HelpCAMEO evaluation

Introduction

Estimating the quality of protein structure models is a vital step in protein structure prediction. Often one ends up in having a set of alternative models (e.g. from different modeling servers or based on alternative template structures and alignments) from which the best candidate shall be selected. Or a singe model has been built from which the absolute quality needs to be predicted in order to have an idea about its suitability for subsequent experiments. The QMEAN server provides access to three scoring functions for the quality estimation of protein structure models which allow to rank a set of models and to identify potentially unreliable region within these. Both single models and set of models submitted as tar.gz-archives can be analysed. The user has the possibility to choose between the following three scoring functions:

  • QMEANDisCo is a composite scoring function which is able to derive both global (i.e. for the entire structure) and local (i.e. per residue) absolute quality estimates on the basis of one single model. It uses the single terms of QMEAN as a basis. The main enhancement is a new term predicting local per-residue quality estimates by assessing the agreement of pairwise residue-residue distances with ensembles of distance constraints (DisCo) extracted from structures homologous to the assessed model. The homologues are identified with HHblits. If no homologues are found, the DisCo scores are not used. Since the results are expected to be sub-optimal without DisCo scores, we display a warning in these cases. All terms are combined using neural networks trained to predict per-residue lDDT score in range [0,1]. The QMEANDisCo global score is the average per-residue score and the provided error estimate is based on global QMEANDisCo scores estimated for a large set of models and represents the root mean squared difference (i.e. standard deviation) between QMEANDisCo global score and lDDT (the ground truth).
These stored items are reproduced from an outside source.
lemma set_integral_inner_tendsto_zero:
  fixes g :: "'b \<Rightarrow> 'k::{real_inner, second_countable_topology}" and h :: "nat \<Rightarrow> 'b \<Rightarrow> 'k"
  assumes [measurable]: "g \<in> borel_measurable N" "\<And>n. h n \<in> borel_measurable N" "S \<in> sets N"
    and g: "set_integrable N S (\<lambda>s. (norm (g s))\<^sup>2)"
    and h: "\<And>n. set_integrable N S (\<lambda>s. (norm (h n s))\<^sup>2)"
    and h_tendsto: "(\<lambda>n. LINT s:S|N. (norm (h n s))\<^sup>2) \<longlonglongrightarrow> 0"
  shows "(\<lambda>n. LINT s:S|N. inner (g s) (h n s)) \<longlonglongrightarrow> 0"
proof (rule LIMSEQ_I)
  fix r :: real
  assume "0 < r"
  define A where "A = (LINT s:S|N. (norm (g s))\<^sup>2)"
  have "0 \<le> A"
    unfolding A_def by (intro set_integral_nonneg) simp
  define c where "c = r / (A + 1)"
  have "0 < c" and cA: "c/2 * A < r/2"
    using \<open>0 < r\<close> \<open>0 \<le> A\<close> by (auto simp: c_def field_simps)
  obtain n0 where n0: "\<And>n. n0 \<le> n \<Longrightarrow> (LINT s:S|N. (norm (h n s))\<^sup>2) < c * r"
    using order_tendstoD(2)[OF h_tendsto, of "c * r"] \<open>0 < c\<close> \<open>0 < r\<close>
    by (auto simp: eventually_sequentially)
  have "norm (LINT s:S|N. inner (g s) (h n s)) < r" if "n0 \<le> n" for n
  proof -
    have "1/(2*c) * (LINT s:S|N. (norm (h n s))\<^sup>2) < 1/(2*c) * (c * r)"
      using n0[OF that] \<open>0 < c\<close> by (intro mult_strict_left_mono) auto
    then have "1/(2*c) * (LINT s:S|N. (norm (h n s))\<^sup>2) < r/2"
      using \<open>0 < c\<close> by simp
    then show ?thesis
      using abs_set_integral_inner_le[OF assms(1,2,3) g h \<open>0 < c\<close>, of n] cA
      unfolding A_def by simp
  qed
  then show "\<exists>n0. \<forall>n\<ge>n0. norm ((LINT s:S|N. inner (g s) (h n s)) - 0) < r"
    by auto
qed

lemma set_integral_norm_power2_bounded:
  fixes h :: "nat \<Rightarrow> 'b \<Rightarrow> 'k::{real_normed_vector, second_countable_topology}"
  assumes [measurable]: "\<And>n. h n \<in> borel_measurable N" "f \<in> borel_measurable N" "S \<in> sets N"
    and h: "\<And>n. set_integrable N S (\<lambda>s. (norm (h n s))\<^sup>2)"
    and f: "set_integrable N S (\<lambda>s. (norm (f s))\<^sup>2)"
    and h_tendsto: "(\<lambda>n. LINT s:S|N. (norm (h n s - f s))\<^sup>2) \<longlonglongrightarrow> 0"
  obtains K where "\<And>n. (LINT s:S|N. (norm (h n s))\<^sup>2) \<le> K"
proof -
  obtain B where B: "\<And>n. norm (LINT s:S|N. (norm (h n s - f s))\<^sup>2) \<le> B"
    using convergent_imp_Bseq[of "\<lambda>n. LINT s:S|N. (norm (h n s - f s))\<^sup>2"] h_tendsto
    by (auto simp: convergent_def Bseq_def)
  have "(LINT s:S|N. (norm (h n s))\<^sup>2) \<le> 2 * B + 2 * (LINT s:S|N. (norm (f s))\<^sup>2)" for n
  proof -
    have hf: "set_integrable N S (\<lambda>s. (norm (h n s - f s))\<^sup>2)"
      by (rule set_integrable_norm_diff_power2) (use h f in auto)
    have "(LINT s:S|N. (norm (h n s))\<^sup>2)
        \<le> (LINT s:S|N. 2 * (norm (h n s - f s))\<^sup>2 + 2 * (norm (f s))\<^sup>2)"
      using h hf f norm_diff_power2_le[of "h n s - f s" "- f s" for s]
      by (intro set_integral_mono) auto
    also have "\<dots> \<le> 2 * B + 2 * (LINT s:S|N. (norm (f s))\<^sup>2)"
      using hf f B[of n] by simp
    finally show ?thesis .
  qed
  then show ?thesis by (rule that)
qed

lemma frakC_le_half_norm_power2: "frakC \<zeta> Y s x \<le> 1/2 * (norm (Y s))\<^sup>2"
proof -
  have "(norm (\<zeta> x - Y s))\<^sup>2 = (norm (\<zeta> x))\<^sup>2 - 2 * inner (\<zeta> x) (Y s) + (norm (Y s))\<^sup>2"
    by (simp add: power2_norm_eq_inner inner_diff_left inner_diff_right inner_commute)
  then show ?thesis
    using zero_le_power2[of "norm (\<zeta> x - Y s)"] unfolding frakC_def by simp
qed

text \<open>If the integrand is not integrable, the integral is \<open>0\<close> by convention, and the bound holds trivially.\<close>
lemma set_integral_frakC_le:
  assumes Y: "set_integrable N S' (\<lambda>s. (norm (Y s))\<^sup>2)" and "S \<in> sets N" "S \<subseteq> S'"
  shows "(LINT s:S|N. frakC \<zeta> Y s (x s)) \<le> 1/2 * (LINT s:S'|N. (norm (Y s))\<^sup>2)"
proof (cases "set_integrable N S (\<lambda>s. frakC \<zeta> Y s (x s))")
  case True
  have "(LINT s:S|N. frakC \<zeta> Y s (x s)) \<le> (LINT s:S|N. 1/2 * (norm (Y s))\<^sup>2)"
    using True set_integrable_subset[OF Y assms(2,3)] frakC_le_half_norm_power2
    by (intro set_integral_mono) auto
  also have "\<dots> \<le> (LINT s:S'|N. 1/2 * (norm (Y s))\<^sup>2)"
    using Y assms(2,3) by (intro set_integral_nonneg_mono_set) auto
  finally show ?thesis by simp
next
  case False
  then have "(LINT s:S|N. frakC \<zeta> Y s (x s)) = 0"
    unfolding set_integrable_def set_lebesgue_integral_def by (rule not_integrable_integral_eq)
  moreover have "0 \<le> (LINT s:S'|N. (norm (Y s))\<^sup>2)"
    by (intro set_integral_nonneg) simp
  ultimately show ?thesis by simp
qed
As the reliability of the prediction heavily depends on model size, the provided error estimate is calculated based on models of similar size to the input.
  • QMEAN is a composite scoring function which is able to derive both global (i.e. for the entire structure) and local (i.e. per residue) absolute quality estimates on the basis of one single model. There are two global score values, QMEAN4 and QMEAN6. QMEAN4 is a linear combination of four statistical potential terms. QMEAN6 additionally uses two agreement terms evaluating the consistency of structural features with sequence based predictions. Both global scores are originally in a range [0,1] with one being good. By default they are transformed into Z-scores to relate them with what we would expect from high resolution X-ray structures. That's also what is displayed on the result pages. If you prefer the raw scores, you have to fetch them from the downloadable archives. The local scores are a linear combinations of the 4 statistical potential terms as well as the agreement terms evaluated on a per residue basis. They are as well in the range [0,1] with one being good.
  • QMEANBrane is a version of QMEAN developed to assess the local quality of alpha-helical transmembrane protein models. QMEANBrane employs specifically trained potentials for three different segments (membrane, interface and soluble) in a transmembrane protein model. The potentials get only applied on the local scores that are again in a range [0,1] with one being good. For the membrane and interface associated residues the final score is a linear combination of the 4 statistical potential terms, whereas the agreement terms also get added for the soluble part. The global scores are also calculated and the QMEAN4 score determines the ranking of the models on the result page but the global calculation is performed with the default QMEAN scoring function for soluble structures and is available in the downloadable archives.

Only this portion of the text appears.